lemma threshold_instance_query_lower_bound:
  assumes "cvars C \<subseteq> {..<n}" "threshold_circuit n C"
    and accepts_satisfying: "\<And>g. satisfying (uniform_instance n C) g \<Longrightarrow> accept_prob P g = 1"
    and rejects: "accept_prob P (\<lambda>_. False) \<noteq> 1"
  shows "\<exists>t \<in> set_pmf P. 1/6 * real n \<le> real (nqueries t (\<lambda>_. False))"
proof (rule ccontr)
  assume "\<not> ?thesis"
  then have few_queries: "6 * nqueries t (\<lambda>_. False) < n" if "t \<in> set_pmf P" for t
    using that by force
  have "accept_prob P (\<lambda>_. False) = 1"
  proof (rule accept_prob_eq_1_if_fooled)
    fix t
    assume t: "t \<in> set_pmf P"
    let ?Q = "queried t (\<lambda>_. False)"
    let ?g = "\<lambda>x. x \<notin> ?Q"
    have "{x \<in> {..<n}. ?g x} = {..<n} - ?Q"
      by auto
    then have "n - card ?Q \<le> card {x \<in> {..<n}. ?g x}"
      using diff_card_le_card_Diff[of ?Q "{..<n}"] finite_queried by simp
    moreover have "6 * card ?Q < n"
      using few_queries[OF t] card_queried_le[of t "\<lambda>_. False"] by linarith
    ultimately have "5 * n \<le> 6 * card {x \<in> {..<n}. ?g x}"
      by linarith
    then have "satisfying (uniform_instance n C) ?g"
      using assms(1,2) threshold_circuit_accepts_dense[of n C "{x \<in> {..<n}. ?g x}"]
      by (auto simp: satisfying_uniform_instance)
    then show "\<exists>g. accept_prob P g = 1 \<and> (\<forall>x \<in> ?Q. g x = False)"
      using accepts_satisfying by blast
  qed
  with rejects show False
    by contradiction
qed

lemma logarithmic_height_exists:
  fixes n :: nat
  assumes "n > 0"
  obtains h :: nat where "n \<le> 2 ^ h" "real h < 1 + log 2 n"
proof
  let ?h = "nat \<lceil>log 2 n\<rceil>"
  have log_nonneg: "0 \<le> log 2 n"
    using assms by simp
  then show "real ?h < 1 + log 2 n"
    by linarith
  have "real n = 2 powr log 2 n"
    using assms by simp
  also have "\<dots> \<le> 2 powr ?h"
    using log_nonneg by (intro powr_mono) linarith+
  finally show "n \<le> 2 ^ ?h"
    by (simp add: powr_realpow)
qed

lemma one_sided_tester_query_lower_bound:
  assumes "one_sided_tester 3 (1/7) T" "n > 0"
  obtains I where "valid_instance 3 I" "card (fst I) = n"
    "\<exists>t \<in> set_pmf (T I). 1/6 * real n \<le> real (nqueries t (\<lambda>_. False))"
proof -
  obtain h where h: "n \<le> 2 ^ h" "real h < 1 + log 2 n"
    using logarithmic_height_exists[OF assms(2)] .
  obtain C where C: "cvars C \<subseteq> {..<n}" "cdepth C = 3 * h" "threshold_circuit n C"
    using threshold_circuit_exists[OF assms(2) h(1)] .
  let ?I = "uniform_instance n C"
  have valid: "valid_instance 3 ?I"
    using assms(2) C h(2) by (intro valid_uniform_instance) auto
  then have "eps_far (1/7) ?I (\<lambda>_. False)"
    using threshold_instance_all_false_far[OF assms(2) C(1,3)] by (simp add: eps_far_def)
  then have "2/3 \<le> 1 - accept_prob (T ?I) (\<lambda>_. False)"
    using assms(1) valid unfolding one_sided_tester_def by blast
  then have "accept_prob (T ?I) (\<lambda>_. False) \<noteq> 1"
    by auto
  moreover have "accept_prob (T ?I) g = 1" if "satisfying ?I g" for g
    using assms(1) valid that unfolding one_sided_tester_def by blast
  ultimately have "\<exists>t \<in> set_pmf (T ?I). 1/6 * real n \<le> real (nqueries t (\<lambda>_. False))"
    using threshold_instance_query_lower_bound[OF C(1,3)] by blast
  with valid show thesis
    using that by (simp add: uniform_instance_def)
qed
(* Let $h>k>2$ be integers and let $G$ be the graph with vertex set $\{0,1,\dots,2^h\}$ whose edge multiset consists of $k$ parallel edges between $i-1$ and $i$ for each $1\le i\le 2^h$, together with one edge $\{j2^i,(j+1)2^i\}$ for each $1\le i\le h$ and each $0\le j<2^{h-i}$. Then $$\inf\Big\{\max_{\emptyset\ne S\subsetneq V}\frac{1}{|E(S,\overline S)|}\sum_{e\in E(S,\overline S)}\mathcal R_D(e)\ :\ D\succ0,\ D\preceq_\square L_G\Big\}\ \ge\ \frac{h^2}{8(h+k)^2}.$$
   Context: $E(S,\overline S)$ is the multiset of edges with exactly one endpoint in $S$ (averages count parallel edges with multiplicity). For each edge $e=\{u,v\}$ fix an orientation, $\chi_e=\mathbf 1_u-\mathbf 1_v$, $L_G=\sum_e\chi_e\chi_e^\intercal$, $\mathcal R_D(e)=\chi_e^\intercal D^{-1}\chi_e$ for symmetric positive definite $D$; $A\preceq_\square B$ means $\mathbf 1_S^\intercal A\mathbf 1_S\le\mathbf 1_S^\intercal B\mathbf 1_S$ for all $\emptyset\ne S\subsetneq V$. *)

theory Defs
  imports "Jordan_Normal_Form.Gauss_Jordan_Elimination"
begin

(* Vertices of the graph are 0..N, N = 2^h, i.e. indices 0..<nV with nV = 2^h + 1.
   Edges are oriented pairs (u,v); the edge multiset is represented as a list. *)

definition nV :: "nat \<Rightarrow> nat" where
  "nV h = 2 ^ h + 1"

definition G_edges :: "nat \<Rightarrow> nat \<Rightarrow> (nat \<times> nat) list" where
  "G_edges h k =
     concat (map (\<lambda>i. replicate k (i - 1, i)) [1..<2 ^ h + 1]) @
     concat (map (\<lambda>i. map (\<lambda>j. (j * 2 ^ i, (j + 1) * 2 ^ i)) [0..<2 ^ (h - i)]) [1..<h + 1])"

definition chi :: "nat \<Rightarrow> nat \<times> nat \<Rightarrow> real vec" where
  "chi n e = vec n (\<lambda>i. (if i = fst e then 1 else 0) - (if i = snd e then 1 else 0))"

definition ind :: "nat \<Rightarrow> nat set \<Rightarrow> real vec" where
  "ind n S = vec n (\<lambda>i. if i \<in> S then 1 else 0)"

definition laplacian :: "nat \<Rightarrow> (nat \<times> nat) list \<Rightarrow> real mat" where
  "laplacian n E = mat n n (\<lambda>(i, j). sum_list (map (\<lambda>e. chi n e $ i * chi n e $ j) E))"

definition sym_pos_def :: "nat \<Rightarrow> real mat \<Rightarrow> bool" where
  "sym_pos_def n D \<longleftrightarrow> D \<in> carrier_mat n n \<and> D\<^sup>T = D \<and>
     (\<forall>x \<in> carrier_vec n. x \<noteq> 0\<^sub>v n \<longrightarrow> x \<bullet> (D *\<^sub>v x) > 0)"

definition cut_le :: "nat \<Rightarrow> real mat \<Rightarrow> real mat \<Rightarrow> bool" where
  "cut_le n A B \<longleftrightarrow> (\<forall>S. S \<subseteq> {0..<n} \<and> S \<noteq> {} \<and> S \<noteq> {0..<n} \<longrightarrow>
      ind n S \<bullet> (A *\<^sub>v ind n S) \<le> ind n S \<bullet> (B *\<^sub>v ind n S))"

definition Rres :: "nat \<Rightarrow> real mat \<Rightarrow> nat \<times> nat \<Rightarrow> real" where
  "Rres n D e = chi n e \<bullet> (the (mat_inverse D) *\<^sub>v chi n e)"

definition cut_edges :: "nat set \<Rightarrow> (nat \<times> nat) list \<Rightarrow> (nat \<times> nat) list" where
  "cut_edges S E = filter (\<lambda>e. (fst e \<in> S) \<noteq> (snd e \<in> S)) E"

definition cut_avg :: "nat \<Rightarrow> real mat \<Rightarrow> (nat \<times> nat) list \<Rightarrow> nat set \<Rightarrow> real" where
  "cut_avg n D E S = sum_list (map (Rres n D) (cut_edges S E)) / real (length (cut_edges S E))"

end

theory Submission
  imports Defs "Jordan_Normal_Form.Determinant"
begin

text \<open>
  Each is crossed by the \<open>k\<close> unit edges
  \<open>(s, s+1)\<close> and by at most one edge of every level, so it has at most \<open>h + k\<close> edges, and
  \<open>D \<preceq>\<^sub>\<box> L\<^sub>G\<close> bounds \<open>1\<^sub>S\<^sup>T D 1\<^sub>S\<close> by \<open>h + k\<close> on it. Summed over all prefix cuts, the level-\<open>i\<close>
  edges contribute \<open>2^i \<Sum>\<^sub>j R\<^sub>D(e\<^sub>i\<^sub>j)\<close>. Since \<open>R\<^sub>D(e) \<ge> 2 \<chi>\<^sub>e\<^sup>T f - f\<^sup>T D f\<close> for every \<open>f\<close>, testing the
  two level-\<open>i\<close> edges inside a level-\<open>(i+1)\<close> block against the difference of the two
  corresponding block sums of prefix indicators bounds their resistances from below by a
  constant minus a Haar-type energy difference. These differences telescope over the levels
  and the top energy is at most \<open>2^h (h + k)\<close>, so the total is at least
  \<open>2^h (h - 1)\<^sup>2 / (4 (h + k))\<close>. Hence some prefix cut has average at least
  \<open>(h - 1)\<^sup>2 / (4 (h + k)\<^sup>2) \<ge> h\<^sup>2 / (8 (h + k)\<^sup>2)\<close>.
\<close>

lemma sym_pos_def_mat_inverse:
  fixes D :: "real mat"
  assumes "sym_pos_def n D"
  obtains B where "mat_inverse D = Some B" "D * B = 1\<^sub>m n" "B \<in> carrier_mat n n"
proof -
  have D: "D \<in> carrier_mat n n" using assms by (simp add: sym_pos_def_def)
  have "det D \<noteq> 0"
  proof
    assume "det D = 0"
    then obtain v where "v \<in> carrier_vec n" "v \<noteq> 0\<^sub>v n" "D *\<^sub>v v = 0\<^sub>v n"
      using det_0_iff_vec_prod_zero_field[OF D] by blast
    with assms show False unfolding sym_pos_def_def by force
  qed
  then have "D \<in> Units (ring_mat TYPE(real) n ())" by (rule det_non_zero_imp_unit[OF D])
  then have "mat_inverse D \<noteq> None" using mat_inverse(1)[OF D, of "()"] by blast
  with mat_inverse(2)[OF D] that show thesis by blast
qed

--

_ACTION ITEM_.
There is a run of lines above from the one with "using threshold_circuit_exists[OF assms(2)" to the one with "(1/7) ?I (\<lambda>_."; print exactly that run, both ends included, and nothing else.

_THE ANSWER_.
    using threshold_circuit_exists[OF assms(2) h(1)] .
  let ?I = "uniform_instance n C"
  have valid: "valid_instance 3 ?I"
    using assms(2) C h(2) by (intro valid_uniform_instance) auto
  then have "eps_far (1/7) ?I (\<lambda>_. False)"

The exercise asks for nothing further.